I woke up in the hospital. It was too bright, too white, a thousand sounds assaulting my ears, beeping and whirring and ding-donging, voices mumbling and wheels rolling. An empty bag of saline still connected to my arm. I ripped it out, surprised by the pain and bright red alive-ness of my blood.
“Is there anyone we can call?” they asked as I made for the door, “Do you have an emergency contact?”
“Um…” Did I have anyone I could call? I thought of my parents, and my heart softened. Neither were blameless. And yet, I couldn’t find it in my heart to hold it against either. These two broken people who brought me into existence by happy accident. I had no choice in the matter. And I had no choice but to go on.
“No. But don’t worry. I think I’m gonna be okay,” I said, and for the first time, I actually meant it.
…..
It was summer when I saw her again. Her sun-kissed skin glistened golden under the bright spotlights. She looked so grown up, up there on the little stage. Like a rock star. Like the rising sun.
I’d expected to be able to hide in a bigger crowd. The bar was tiny and only about twenty people had shown up to the all-ages afternoon free gig, bobbing to the music, clapping and whooping casually to each song.
Her face lit up when she saw me, and she smiled with her eyes while singing back-up into the mic. I glanced over my shoulder, feeling conspicuous, paranoid that Iduna and Steve would show up to shout or judge or scrutinise.

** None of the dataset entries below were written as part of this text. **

lemma exps_triangle:
  assumes a: "0 < a" and b: "0 < b"
  shows "exps (triangle a b) n = triangle_points a b n"
proof (intro set_eqI iffI)
  fix J assume "J \<in> exps (triangle a b) n"
  then obtain p where p: "p \<in> triangle a b" "(real (fst J), real (snd J)) = real n *\<^sub>R p"
    unfolding exps_def by blast
  have "a * fst p + b * snd p \<le> a * b" using p(1) triangle_eq[OF a b] by auto
  then have "real n * (a * fst p + b * snd p) \<le> real n * (a * b)" by (intro mult_left_mono) auto
  then show "J \<in> triangle_points a b n"
    using p(2) by (auto simp: triangle_points_def prod_eq_iff algebra_simps)
next
  fix J assume J: "J \<in> triangle_points a b n"
  then have h: "a * real (fst J) + b * real (snd J) \<le> a * b * real n"
    unfolding triangle_points_def by simp
  show "J \<in> exps (triangle a b) n"
  proof (cases "n = 0")
    case True
    then have "a * real (fst J) + b * real (snd J) \<le> 0" using h by simp
    moreover have "0 \<le> a * real (fst J)" "0 \<le> b * real (snd J)" using a b by auto
    ultimately have "a * real (fst J) = 0" "b * real (snd J) = 0" by linarith+
    then have "fst J = 0" "snd J = 0" using a b by auto
    moreover have "(0::real, 0::real) \<in> triangle a b" using triangle_eq[OF a b] a b by auto
    ultimately show ?thesis unfolding exps_def using True by (auto simp: image_iff prod_eq_iff)
  next
    case False
    define p where "p = (real (fst J) / real n, real (snd J) / real n)"
    have "a * fst p + b * snd p = (a * real (fst J) + b * real (snd J)) / real n"
      unfolding p_def using False by (simp add: field_simps)
    also have "\<dots> \<le> a * b" using h False by (simp add: field_simps)
    finally have "p \<in> triangle a b" using triangle_eq[OF a b] unfolding p_def by auto
    moreover have "(real (fst J), real (snd J)) = real n *\<^sub>R p" unfolding p_def using False by simp
    ultimately show ?thesis unfolding exps_def by blast
  qed
qed

lemma triangle_points_bounds:
  assumes a: "0 < a" and b: "0 < b" and J: "J \<in> triangle_points a b n"
  shows "real (fst J) \<le> b * real n" "real (snd J) \<le> a * real n"
proof -
  have h: "a * real (fst J) + b * real (snd J) \<le> a * (b * real n)"
    "a * real (fst J) + b * real (snd J) \<le> b * (a * real n)"
    using J unfolding triangle_points_def by (simp_all add: mult_ac)
  have "0 \<le> a * real (fst J)" "0 \<le> b * real (snd J)" using a b by simp_all
  then have "a * real (fst J) \<le> a * (b * real n)" "b * real (snd J) \<le> b * (a * real n)"
    using h by linarith+
  then show "real (fst J) \<le> b * real n" "real (snd J) \<le> a * real n" using a b by simp_all
qed

lemma triangle_points_subset:
  assumes "0 < a" "0 < b"
  shows "triangle_points a b n \<subseteq> {..nat \<lceil>b * real n\<rceil>} \<times> {..nat \<lceil>a * real n\<rceil>}"
proof
  fix J assume "J \<in> triangle_points a b n"
  then have "real (fst J) \<le> b * real n" "real (snd J) \<le> a * real n"
    using triangle_points_bounds[OF assms] by auto
  then have "fst J \<le> nat \<lceil>b * real n\<rceil>" "snd J \<le> nat \<lceil>a * real n\<rceil>" by linarith+
  then show "J \<in> {..nat \<lceil>b * real n\<rceil>} \<times> {..nat \<lceil>a * real n\<rceil>}" by (cases J) auto
qed

lemma finite_triangle_points: "0 < a \<Longrightarrow> 0 < b \<Longrightarrow> finite (triangle_points a b n)"
  using triangle_points_subset by (rule finite_subset) auto

lemma zero_in_triangle_points: "0 < a \<Longrightarrow> 0 < b \<Longrightarrow> (0, 0) \<in> triangle_points a b n"
  by (simp add: triangle_points_def)

lemma triangle_points_downward_closed:
  assumes "0 < a" "0 < b" "I \<in> triangle_points a b n" "fst K \<le> fst I" "snd K \<le> snd I"
  shows "K \<in> triangle_points a b n"
proof -
  have "a * real (fst K) + b * real (snd K) \<le> a * real (fst I) + b * real (snd I)"
    using assms by (intro add_mono mult_left_mono) auto
  then show ?thesis using assms(3) unfolding triangle_points_def by simp
qed

section \<open>Bivariate Vandermonde determinants\<close>

lemma poly_mult_poly_eq_sum_mono2:
  assumes fin: "finite A" and box: "{..degree p} \<times> {..degree q} \<subseteq> A"
  shows "poly p (fst z) * poly q (snd z) = (\<Sum>K\<in>A. coeff p (fst K) * coeff q (snd K) * mono2 K z)"
proof -
  let ?box = "{..degree p} \<times> {..degree q}"
  have "(\<Sum>K\<in>A. coeff p (fst K) * coeff q (snd K) * mono2 K z)
      = (\<Sum>K\<in>?box. coeff p (fst K) * coeff q (snd K) * mono2 K z)"
  proof (rule sum.mono_neutral_right[OF fin box], rule ballI)
    fix K assume "K \<in> A - ?box"
    then have "coeff p (fst K) = 0 \<or> coeff q (snd K) = 0"
      using coeff_eq_0[of p "fst K"] coeff_eq_0[of q "snd K"] by (cases K) auto
    then show "coeff p (fst K) * coeff q (snd K) * mono2 K z = 0" by auto
  qed
  also have "\<dots> = (\<Sum>k\<le>degree p. \<Sum>l\<le>degree q. coeff p k * coeff q l * mono2 (k, l) z)"
    by (subst sum.cartesian_product) (simp add: case_prod_unfold)
  also have "\<dots> = (\<Sum>k\<le>degree p. coeff p k * fst z ^ k) * (\<Sum>l\<le>degree q. coeff q l * snd z ^ l)"
    unfolding sum_product mono2_def by (intro sum.cong refl) (simp add: mult_ac)
  finally show ?thesis by (simp add: poly_altdef)
qed

lemma det_on_monic_product_rows:
  fixes P Q :: "nat \<Rightarrow> complex poly" and \<zeta> :: "nat \<times> nat \<Rightarrow> complex \<times> complex"
  assumes fin: "finite A"
    and down: "\<And>I K. I \<in> A \<Longrightarrow> fst K \<le> fst I \<Longrightarrow> snd K \<le> snd I \<Longrightarrow> K \<in> A"
    and P: "\<And>i. degree (P i) = i" "\<And>i. lead_coeff (P i) = 1"
    and Q: "\<And>j. degree (Q j) = j" "\<And>j. lead_coeff (Q j) = 1"
  shows "det_on A (\<lambda>I J. poly (P (fst I)) (fst (\<zeta> J)) * poly (Q (snd I)) (snd (\<zeta> J)))
       = det_on A (\<lambda>I J. mono2 I (\<zeta> J))"
proof -
  let ?U = "\<lambda>I K. coeff (P (fst I)) (fst K) * coeff (Q (snd I)) (snd K)"
  have "{..degree (P (fst I))} \<times> {..degree (Q (snd I))} \<subseteq> A" if "I \<in> A" for I
    using down[OF that] P(1) Q(1) by auto
  then have "det_on A (\<lambda>I J. poly (P (fst I)) (fst (\<zeta> J)) * poly (Q (snd I)) (snd (\<zeta> J)))
      = det_on A (\<lambda>I J. \<Sum>K\<in>A. ?U I K * mono2 K (\<zeta> J))"
    by (intro det_on_cong poly_mult_poly_eq_sum_mono2[OF fin]) auto
  also have "\<dots> = det_on A (\<lambda>I J. mono2 I (\<zeta> J))"
  proof (rule det_on_unitriangular_mult[OF fin, where rk="\<lambda>K. int (fst K + snd K)"])
    fix I assume "I \<in> A"
    show "?U I I = 1" using P(2)[of "fst I"] Q(2)[of "snd I"] by (simp add: P(1) Q(1))
  next
    fix I K assume "?U I K \<noteq> 0" "K \<noteq> I"
    then have "fst K \<le> fst I" "snd K \<le> snd I" using le_degree P(1) Q(1) by (metis mult_eq_0_iff)+
    with \<open>K \<noteq> I\<close> show "int (fst K + snd K) < int (fst I + snd I)" by (cases K, cases I) auto
  qed
  finally show ?thesis .
qed

section \<open>Bounds for the Vandermonde maxima of a product set\<close>

definition fst_sum :: "real \<Rightarrow> real \<Rightarrow> nat \<Rightarrow> nat" where
  "fst_sum a b n = (\<Sum>J\<in>triangle_points a b n. fst J)"

definition snd_sum :: "real \<Rightarrow> real \<Rightarrow> nat \<Rightarrow> nat" where
  "snd_sum a b n = (\<Sum>J\<in>triangle_points a b n. snd J)"

lemma ln_sum_triangle:
  "0 < a \<Longrightarrow> 0 < b \<Longrightarrow> ln_sum (triangle a b) n = fst_sum a b n + snd_sum a b n"
  unfolding ln_sum_def exps_triangle fst_sum_def snd_sum_def by (rule sum.distrib)

locale compact_product = E: nonempty_compact E + F: nonempty_compact F for E F +
  fixes a b :: real
  assumes a: "0 < a" and b: "0 < b"
begin

abbreviation T :: "nat \<Rightarrow> (nat \<times> nat) set" where "T \<equiv> triangle_points a b"

lemma finite_T: "finite (T n)"
  using finite_triangle_points[OF a b] .

lemma Vn_eq_Sup:
  "Vn (triangle a b) (E \<times> F) n = Sup (insert 0 ((\<lambda>\<zeta>. cmod (det_on (T n) (\<lambda>I J. mono2 I (\<zeta> J))))
     ` {\<zeta>. \<forall>J\<in>T n. \<zeta> J \<in> E \<times> F}))"
  unfolding Vn_def exps_triangle[OF a b] by (rule arg_cong[where f=Sup]) auto

text \<open>Rows are replaced by products of monic polynomials that are nearly optimal on \<open>E\<close>
  and on \<open>F\<close>.\<close>

lemma norm_det_le:
  assumes "0 < \<epsilon>"
  obtains K where "1 \<le> K" "\<And>n \<zeta>. \<forall>J\<in>T n. \<zeta> J \<in> E \<times> F \<Longrightarrow>
     cmod (det_on (T n) (\<lambda>I J. mono2 I (\<zeta> J))) \<le>
       fact (card (T n)) * K ^ card (T n) * (E.td + \<epsilon>) ^ fst_sum a b n * (F.td + \<epsilon>) ^ snd_sum a b n"
proof -
  obtain C1 P where C1: "1 \<le> C1" and P: "\<And>i. degree (P i) = i" "\<And>i. lead_coeff (P i) = 1"
    "\<And>i z. z \<in> E \<Longrightarrow> cmod (poly (P i) z) \<le> C1 * (E.td + \<epsilon>) ^ i"
    using E.exists_monic_le_td_plus[OF assms] by blast
  obtain C2 Q where C2: "1 \<le> C2" and Q: "\<And>i. degree (Q i) = i" "\<And>i. lead_coeff (Q i) = 1"
    "\<And>i z. z \<in> F \<Longrightarrow> cmod (poly (Q i) z) \<le> C2 * (F.td + \<epsilon>) ^ i"
    using F.exists_monic_le_td_plus[OF assms] by blast
  have qE: "0 \<le> E.td + \<epsilon>" and qF: "0 \<le> F.td + \<epsilon>"
    using E.td_nonneg F.td_nonneg assms by auto
  have "cmod (det_on (T n) (\<lambda>I J. mono2 I (\<zeta> J))) \<le>
       fact (card (T n)) * (C1 * C2) ^ card (T n) * (E.td + \<epsilon>) ^ fst_sum a b n * (F.td + \<epsilon>) ^ snd_sum a b n"
    if \<zeta>: "\<forall>J\<in>T n. \<zeta> J \<in> E \<times> F" for n \<zeta>
  proof -
    have "det_on (T n) (\<lambda>I J. mono2 I (\<zeta> J)) =
          det_on (T n) (\<lambda>I J. poly (P (fst I)) (fst (\<zeta> J)) * poly (Q (snd I)) (snd (\<zeta> J)))"
      using triangle_points_downward_closed[OF a b]
      by (intro det_on_monic_product_rows[symmetric, OF finite_T _ P(1,2) Q(1,2)]) blast
    also have "cmod \<dots> \<le> fact (card (T n)) * (\<Prod>I\<in>T n. (C1 * (E.td + \<epsilon>) ^ fst I) * (C2 * (F.td + \<epsilon>) ^ snd I))"
    proof (rule norm_det_on_le[OF finite_T])
      fix I J assume "J \<in> T n"
      then have "fst (\<zeta> J) \<in> E" "snd (\<zeta> J) \<in> F" using \<zeta> by auto
      then show "cmod (poly (P (fst I)) (fst (\<zeta> J)) * poly (Q (snd I)) (snd (\<zeta> J)))
          \<le> (C1 * (E.td + \<epsilon>) ^ fst I) * (C2 * (F.td + \<epsilon>) ^ snd I)"
        unfolding norm_mult using C1 qE by (intro mult_mono P(3) Q(3)) auto
    qed
    also have "(\<Prod>I\<in>T n. (C1 * (E.td + \<epsilon>) ^ fst I) * (C2 * (F.td + \<epsilon>) ^ snd I))
        = (C1 * C2) ^ card (T n) * (E.td + \<epsilon>) ^ fst_sum a b n * (F.td + \<epsilon>) ^ snd_sum a b n"
      unfolding fst_sum_def snd_sum_def power_sum prod.distrib power_mult_distrib by (simp add: mult_ac)
    finally show ?thesis by (simp add: mult.assoc)
  qed
  moreover have "1 \<le> C1 * C2" using C1 C2 by (metis mult_mono' mult_1 zero_le_one)
  ultimately show ?thesis using that by blast
qed

lemma Vn_le:
  assumes "0 < \<epsilon>"
  obtains K where "1 \<le> K" "\<And>n. Vn (triangle a b) (E \<times> F) n \<le>
       fact (card (T n)) * K ^ card (T n) * (E.td + \<epsilon>) ^ fst_sum a b n * (F.td + \<epsilon>) ^ snd_sum a b n"
proof -
  obtain K where K: "1 \<le> K" "\<And>n \<zeta>. \<forall>J\<in>T n. \<zeta> J \<in> E \<times> F \<Longrightarrow>
     cmod (det_on (T n) (\<lambda>I J. mono2 I (\<zeta> J))) \<le>
       fact (card (T n)) * K ^ card (T n) * (E.td + \<epsilon>) ^ fst_sum a b n * (F.td + \<epsilon>) ^ snd_sum a b n"
    using norm_det_le[OF assms] by blast
  have "0 \<le> E.td + \<epsilon>" "0 \<le> F.td + \<epsilon>" using E.td_nonneg F.td_nonneg assms by auto
  then have "Vn (triangle a b) (E \<times> F) n \<le>
       fact (card (T n)) * K ^ card (T n) * (E.td + \<epsilon>) ^ fst_sum a b n * (F.td + \<epsilon>) ^ snd_sum a b n" for n
    unfolding Vn_eq_Sup using K by (intro cSup_least) auto
  with K(1) show ?thesis using that by blast
qed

Out in the beer garden, vines crept up the walls and flowers bloomed like stars above us. We sat across from each other at a sticky table, sipping lemonade. After all those months of yearning, wishing, imagining… She was really, truly there. I wanted to touch her, to breathe her in, to pull her into a never-ending embrace.
But I held back. Instead, I gushed over her performance, like she deserved. Told her how much I’d missed her, though words were inadequate. And she told me she’d missed me too, rather passionately, as she squeezed my hands.
“Really?” I asked, a little surprised. I’d not let my hopes rise too high. But in that mature-beyond-her-years way of hers, she seemed to just understand.
“Mum and Dad told me… to give you space,” she said, puffing on her cigarette with a frown, as if working out a complicated problem. She ran her thumbs softly, a little too sensually, over my own hands. It sent a shiver down my spine. “They’re idiots, though. I shouldn’t have listened. I’m sorry.”
“So am I,” I shrugged, stomach lurching a little at their mention. “Are they uh… okay with this? I mean, you doing this instead of athletics… me being here…”
“Well, no,” she smiled a lopsided smile that just absolutely melted me, “but they also don’t know I’m here. I’ve actually been living with Aunty Yalena for a while. It’s a lot more chill. You should come over!”
My instinct was to decline, to assume I wasn’t welcome, wasn’t wanted, didn’t belong. But something stopped me. “I’d love to.”
…..
The Dark Emu has always stood in the entryway of Aunty Yalena’s house. It always will. An image of black amongst a thousand tiny dots of white, yellow, orange, pink, and purple. The painting reaches from the floor to the ceiling, and surrounding it are photos of every distant niece and nephew and cousin ever to walk the earth. I stopped in my tracks the first time I walked in and saw my own face there, amongst the others. Amongst the stars.
I tried to blink back tears, but a few trailed over my smiling cheeks anyway. I couldn’t explain why. I was found.
Anna kissed me, and I kissed her back. Softly, slowly, and without fear. Then she took my hand and led me away, into the light of day.